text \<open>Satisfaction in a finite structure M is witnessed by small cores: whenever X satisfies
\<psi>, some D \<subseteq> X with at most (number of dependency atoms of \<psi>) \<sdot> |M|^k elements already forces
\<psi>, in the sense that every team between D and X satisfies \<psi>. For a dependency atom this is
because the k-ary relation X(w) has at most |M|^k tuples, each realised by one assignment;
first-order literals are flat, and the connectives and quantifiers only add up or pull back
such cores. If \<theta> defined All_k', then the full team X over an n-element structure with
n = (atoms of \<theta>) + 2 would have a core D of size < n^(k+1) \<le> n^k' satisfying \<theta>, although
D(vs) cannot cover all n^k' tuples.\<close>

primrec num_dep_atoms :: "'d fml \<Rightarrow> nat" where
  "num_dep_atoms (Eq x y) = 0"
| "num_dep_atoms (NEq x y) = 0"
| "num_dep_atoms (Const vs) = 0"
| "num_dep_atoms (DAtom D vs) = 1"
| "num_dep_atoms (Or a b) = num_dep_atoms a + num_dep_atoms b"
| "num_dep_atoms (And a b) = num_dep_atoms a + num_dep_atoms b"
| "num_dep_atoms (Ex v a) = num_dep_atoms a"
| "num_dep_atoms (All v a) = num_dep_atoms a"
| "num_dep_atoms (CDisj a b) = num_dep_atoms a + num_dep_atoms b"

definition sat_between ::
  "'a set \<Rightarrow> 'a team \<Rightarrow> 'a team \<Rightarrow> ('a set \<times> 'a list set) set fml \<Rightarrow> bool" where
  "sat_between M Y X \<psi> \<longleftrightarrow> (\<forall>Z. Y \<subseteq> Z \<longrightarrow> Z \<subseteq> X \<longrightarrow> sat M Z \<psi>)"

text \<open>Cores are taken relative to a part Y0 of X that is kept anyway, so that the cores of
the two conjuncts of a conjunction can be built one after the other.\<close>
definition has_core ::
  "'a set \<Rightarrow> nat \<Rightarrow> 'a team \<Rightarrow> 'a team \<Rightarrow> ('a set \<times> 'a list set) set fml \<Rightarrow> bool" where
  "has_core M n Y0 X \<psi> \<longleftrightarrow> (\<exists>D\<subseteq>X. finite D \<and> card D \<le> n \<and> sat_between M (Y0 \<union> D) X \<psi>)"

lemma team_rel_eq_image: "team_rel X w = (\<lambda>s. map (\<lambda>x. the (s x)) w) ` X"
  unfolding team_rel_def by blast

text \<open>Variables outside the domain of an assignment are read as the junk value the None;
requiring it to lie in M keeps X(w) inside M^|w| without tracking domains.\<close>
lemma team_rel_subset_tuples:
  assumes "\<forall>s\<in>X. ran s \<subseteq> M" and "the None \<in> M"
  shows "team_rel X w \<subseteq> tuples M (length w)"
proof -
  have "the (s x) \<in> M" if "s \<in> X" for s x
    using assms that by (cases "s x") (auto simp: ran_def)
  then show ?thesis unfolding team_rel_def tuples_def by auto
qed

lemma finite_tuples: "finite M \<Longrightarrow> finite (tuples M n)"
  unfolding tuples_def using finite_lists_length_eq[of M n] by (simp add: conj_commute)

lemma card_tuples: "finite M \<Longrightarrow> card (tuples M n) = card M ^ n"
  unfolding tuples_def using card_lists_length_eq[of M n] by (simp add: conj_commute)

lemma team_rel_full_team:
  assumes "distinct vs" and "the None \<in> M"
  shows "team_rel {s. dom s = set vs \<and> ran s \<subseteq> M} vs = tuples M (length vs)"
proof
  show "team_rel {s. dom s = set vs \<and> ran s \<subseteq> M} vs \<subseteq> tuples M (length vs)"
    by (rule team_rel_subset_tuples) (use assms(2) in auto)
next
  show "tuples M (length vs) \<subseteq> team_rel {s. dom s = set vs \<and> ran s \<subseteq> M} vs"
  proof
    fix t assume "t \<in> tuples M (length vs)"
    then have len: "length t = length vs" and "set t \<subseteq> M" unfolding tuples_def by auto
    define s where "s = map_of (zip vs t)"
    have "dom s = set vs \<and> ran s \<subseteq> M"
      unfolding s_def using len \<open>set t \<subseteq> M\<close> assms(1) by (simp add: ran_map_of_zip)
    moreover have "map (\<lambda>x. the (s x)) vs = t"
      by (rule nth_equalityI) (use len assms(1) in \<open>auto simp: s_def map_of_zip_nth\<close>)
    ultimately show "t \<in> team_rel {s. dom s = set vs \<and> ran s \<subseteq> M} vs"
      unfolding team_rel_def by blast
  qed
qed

==

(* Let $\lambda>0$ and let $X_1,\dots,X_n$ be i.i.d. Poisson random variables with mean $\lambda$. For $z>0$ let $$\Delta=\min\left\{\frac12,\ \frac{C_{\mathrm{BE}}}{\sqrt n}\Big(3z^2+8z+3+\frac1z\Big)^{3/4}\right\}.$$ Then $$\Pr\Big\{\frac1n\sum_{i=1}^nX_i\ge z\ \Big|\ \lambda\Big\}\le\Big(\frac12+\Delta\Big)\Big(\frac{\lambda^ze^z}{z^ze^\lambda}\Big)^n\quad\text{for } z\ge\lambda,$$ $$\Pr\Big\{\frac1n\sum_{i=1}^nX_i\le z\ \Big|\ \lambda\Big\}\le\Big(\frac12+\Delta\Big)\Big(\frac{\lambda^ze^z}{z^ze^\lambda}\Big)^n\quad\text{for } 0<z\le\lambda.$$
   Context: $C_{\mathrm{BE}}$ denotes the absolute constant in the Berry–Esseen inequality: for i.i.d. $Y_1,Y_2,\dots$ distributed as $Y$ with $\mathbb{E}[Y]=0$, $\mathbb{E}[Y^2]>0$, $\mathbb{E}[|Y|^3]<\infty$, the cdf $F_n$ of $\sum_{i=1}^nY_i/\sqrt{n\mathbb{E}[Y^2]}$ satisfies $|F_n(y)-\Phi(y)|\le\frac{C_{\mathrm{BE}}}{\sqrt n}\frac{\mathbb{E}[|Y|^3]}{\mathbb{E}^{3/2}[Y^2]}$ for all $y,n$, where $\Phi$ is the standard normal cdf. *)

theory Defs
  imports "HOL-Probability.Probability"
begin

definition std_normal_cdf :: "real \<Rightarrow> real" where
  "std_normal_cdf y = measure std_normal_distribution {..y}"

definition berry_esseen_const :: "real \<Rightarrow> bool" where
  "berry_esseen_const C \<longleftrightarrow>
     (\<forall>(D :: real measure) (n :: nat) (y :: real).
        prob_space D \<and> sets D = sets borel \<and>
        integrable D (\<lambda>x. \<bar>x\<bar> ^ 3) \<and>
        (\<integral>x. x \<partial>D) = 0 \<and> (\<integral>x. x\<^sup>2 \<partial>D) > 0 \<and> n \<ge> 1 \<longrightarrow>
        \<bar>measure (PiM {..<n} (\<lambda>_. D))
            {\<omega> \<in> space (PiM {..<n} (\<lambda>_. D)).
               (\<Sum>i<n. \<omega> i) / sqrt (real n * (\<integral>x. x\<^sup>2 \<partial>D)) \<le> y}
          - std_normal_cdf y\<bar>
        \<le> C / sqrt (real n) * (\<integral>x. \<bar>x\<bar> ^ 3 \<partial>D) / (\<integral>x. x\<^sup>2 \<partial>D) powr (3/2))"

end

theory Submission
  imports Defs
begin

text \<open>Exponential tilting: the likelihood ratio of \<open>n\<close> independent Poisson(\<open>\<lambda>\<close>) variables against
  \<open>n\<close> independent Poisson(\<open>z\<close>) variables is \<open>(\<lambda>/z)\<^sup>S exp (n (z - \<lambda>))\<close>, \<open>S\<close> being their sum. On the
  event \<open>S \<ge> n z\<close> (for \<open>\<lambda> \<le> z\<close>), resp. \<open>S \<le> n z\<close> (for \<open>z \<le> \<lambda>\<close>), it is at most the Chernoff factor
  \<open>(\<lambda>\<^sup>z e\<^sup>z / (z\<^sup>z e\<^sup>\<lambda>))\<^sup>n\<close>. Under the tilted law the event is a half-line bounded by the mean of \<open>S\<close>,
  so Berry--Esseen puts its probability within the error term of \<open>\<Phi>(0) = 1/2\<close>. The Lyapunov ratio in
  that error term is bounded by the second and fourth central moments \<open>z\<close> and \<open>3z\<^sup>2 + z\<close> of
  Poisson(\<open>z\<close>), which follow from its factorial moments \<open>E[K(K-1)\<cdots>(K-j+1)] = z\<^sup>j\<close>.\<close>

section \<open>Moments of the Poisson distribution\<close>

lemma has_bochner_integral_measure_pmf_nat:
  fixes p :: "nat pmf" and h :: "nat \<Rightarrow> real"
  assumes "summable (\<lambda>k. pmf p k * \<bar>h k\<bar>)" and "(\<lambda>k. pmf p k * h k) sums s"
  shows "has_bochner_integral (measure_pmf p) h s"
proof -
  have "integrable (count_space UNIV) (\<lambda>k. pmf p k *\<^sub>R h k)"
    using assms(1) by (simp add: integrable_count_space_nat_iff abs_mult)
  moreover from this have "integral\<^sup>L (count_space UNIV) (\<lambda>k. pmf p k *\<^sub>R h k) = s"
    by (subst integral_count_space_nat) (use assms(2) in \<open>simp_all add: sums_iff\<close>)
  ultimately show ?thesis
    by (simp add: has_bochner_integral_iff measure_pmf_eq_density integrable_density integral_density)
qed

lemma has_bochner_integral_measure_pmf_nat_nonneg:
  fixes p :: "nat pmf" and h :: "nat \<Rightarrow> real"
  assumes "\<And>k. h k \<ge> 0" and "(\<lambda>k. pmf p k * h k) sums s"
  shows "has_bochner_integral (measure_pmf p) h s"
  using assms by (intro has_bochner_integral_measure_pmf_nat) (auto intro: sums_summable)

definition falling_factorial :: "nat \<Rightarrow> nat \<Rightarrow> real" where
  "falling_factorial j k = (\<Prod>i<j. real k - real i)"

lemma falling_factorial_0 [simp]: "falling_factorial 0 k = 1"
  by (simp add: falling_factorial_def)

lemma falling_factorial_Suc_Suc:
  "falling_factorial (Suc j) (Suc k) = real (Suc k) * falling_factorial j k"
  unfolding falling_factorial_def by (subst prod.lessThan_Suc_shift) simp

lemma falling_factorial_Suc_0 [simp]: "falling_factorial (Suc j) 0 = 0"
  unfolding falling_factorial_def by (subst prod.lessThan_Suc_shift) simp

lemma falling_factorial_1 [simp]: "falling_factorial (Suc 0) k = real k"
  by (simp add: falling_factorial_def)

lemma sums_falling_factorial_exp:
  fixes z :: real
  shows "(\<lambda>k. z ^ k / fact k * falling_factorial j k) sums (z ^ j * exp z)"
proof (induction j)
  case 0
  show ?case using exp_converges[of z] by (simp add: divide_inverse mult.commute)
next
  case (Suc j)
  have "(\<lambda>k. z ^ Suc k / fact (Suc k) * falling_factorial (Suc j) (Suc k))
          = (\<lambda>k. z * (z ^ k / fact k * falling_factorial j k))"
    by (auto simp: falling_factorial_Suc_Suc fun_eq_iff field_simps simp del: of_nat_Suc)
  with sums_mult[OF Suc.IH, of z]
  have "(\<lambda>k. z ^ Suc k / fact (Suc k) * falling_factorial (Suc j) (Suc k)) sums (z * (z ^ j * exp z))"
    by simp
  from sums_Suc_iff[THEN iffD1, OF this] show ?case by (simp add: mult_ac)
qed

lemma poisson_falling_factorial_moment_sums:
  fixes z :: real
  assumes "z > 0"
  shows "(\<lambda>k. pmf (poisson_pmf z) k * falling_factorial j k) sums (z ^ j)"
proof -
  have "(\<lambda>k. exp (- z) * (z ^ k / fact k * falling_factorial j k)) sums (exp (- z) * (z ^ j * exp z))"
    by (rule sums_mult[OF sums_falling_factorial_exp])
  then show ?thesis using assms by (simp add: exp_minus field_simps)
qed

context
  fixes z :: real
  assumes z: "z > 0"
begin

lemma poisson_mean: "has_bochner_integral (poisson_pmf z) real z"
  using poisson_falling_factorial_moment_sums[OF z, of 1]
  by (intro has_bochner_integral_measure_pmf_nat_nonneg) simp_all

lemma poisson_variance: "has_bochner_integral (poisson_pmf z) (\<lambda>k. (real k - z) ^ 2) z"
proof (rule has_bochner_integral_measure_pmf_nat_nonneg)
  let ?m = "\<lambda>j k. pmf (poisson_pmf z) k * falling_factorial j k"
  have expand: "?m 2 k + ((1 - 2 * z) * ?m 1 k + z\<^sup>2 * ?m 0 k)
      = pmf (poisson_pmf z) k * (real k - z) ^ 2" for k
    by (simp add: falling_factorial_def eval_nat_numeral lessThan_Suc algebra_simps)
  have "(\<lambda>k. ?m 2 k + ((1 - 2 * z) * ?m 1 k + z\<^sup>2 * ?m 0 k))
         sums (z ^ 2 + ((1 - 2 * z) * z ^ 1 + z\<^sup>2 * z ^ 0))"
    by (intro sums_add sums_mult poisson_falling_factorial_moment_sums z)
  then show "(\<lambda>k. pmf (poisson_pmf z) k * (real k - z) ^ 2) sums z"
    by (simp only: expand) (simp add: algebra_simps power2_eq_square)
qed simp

__PROBLEM__: Exactly the lines above from the one with "(\<lambda>k. z *" to the one with "with sums_mult[OF Suc.IH, of z]", both included, are to be quoted; leave the rest out.

__EXERCISE ANSWER__:
          = (\<lambda>k. z * (z ^ k / fact k * falling_factorial j k))"
    by (auto simp: falling_factorial_Suc_Suc fun_eq_iff field_simps simp del: of_nat_Suc)
  with sums_mult[OF Suc.IH, of z]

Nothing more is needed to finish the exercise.